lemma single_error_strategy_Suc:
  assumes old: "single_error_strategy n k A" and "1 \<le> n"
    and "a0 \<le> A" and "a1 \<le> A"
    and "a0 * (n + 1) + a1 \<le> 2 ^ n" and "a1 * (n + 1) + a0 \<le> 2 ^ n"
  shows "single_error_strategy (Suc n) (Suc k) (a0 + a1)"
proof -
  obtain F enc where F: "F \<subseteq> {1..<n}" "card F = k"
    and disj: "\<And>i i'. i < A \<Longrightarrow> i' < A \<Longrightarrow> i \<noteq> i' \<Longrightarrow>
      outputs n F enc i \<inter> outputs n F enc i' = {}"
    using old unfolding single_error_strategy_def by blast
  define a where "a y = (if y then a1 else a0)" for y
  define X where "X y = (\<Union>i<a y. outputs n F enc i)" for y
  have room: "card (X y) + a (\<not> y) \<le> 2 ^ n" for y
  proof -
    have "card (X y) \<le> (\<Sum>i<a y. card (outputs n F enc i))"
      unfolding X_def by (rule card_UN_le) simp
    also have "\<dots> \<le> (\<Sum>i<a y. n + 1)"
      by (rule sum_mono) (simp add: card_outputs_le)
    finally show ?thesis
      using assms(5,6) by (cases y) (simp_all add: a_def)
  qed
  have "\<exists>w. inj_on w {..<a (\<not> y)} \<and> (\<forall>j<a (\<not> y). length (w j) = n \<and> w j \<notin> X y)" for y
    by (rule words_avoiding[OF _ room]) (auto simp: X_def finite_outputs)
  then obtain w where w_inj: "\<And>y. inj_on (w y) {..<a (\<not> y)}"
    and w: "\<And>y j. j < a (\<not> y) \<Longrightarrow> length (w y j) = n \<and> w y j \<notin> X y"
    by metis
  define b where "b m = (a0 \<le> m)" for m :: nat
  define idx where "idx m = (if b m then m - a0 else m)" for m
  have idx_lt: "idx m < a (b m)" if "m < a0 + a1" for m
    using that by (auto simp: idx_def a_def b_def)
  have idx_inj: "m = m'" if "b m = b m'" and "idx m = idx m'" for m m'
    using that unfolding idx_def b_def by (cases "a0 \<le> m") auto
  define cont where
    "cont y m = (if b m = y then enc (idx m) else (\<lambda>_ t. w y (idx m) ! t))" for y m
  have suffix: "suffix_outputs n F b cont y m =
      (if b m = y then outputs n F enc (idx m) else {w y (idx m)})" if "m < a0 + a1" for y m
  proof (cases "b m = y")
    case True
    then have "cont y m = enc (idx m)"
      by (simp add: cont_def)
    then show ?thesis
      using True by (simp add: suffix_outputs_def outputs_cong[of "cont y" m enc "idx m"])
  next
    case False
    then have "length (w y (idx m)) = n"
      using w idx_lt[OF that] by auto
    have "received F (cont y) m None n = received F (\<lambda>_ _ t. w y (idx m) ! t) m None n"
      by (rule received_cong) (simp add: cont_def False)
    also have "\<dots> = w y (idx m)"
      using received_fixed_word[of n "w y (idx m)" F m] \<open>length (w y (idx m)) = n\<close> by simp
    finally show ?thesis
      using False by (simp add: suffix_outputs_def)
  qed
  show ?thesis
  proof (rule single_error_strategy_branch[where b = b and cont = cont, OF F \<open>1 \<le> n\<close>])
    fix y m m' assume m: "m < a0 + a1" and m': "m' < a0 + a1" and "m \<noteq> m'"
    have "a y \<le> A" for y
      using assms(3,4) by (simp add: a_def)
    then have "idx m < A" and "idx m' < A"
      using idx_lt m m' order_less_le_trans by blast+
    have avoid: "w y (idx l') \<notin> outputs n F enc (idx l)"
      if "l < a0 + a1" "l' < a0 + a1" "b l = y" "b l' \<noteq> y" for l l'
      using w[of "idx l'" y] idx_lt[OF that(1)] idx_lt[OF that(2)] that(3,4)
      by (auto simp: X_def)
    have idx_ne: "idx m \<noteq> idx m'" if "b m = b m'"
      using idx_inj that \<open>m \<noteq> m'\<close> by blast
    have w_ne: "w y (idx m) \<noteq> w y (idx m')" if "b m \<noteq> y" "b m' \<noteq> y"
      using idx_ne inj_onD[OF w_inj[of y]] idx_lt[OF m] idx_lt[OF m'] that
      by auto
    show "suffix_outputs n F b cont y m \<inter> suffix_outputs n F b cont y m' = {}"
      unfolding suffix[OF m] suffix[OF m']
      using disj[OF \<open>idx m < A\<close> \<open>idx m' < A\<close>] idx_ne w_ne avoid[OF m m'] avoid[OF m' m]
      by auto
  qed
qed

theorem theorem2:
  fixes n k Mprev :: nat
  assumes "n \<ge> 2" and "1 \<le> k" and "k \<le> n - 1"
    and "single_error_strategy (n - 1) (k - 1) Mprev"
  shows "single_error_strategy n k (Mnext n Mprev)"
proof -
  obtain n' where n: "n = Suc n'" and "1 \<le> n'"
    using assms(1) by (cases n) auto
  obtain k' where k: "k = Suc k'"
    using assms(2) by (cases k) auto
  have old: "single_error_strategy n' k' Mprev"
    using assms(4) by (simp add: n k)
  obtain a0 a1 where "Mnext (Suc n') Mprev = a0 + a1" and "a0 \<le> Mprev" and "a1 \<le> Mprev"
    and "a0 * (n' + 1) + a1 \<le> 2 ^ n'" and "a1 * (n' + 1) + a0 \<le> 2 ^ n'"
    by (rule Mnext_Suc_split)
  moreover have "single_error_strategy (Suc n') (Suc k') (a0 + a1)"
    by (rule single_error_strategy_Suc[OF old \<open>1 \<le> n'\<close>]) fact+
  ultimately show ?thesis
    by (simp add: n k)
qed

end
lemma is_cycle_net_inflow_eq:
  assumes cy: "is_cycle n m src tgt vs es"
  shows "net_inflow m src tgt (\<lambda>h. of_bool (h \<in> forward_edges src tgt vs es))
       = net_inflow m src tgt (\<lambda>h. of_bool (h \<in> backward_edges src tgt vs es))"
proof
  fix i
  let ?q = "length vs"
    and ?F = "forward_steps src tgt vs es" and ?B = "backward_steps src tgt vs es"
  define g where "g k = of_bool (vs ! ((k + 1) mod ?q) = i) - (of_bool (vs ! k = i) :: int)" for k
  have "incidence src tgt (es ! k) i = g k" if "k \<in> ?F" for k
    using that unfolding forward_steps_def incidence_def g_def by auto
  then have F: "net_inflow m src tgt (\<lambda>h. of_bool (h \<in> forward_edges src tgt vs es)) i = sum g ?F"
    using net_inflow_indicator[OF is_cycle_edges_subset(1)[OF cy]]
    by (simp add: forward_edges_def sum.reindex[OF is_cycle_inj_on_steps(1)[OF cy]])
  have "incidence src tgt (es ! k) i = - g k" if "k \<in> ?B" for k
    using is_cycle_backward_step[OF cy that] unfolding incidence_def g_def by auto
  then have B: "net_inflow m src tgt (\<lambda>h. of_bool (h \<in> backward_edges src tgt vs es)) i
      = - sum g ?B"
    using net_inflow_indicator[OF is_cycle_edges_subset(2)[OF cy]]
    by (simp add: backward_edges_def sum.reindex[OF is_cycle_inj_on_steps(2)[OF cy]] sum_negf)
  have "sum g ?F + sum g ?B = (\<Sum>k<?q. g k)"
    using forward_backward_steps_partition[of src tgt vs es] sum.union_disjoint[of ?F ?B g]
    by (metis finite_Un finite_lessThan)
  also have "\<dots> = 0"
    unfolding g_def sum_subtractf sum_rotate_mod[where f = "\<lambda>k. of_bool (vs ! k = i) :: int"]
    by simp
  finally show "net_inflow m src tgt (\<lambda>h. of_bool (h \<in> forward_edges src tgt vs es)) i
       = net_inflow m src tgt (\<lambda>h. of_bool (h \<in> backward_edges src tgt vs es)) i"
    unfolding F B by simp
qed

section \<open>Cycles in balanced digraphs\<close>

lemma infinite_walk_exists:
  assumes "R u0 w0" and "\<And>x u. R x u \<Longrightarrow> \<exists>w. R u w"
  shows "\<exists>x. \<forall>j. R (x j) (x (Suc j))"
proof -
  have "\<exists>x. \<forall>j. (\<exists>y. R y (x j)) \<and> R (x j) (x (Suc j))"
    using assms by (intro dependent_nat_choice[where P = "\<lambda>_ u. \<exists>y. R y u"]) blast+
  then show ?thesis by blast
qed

■ Task to complete ■
Each line of the data that holds "notin" should be reported.

■ Response area ■
  have "\<exists>w. inj_on w {..<a (\<not> y)} \<and> (\<forall>j<a (\<not> y). length (w j) = n \<and> w j \<notin> X y)" for y
    and w: "\<And>y j. j < a (\<not> y) \<Longrightarrow> length (w y j) = n \<and> w y j \<notin> X y"
    have avoid: "w y (idx l') \<notin> outputs n F enc (idx l)"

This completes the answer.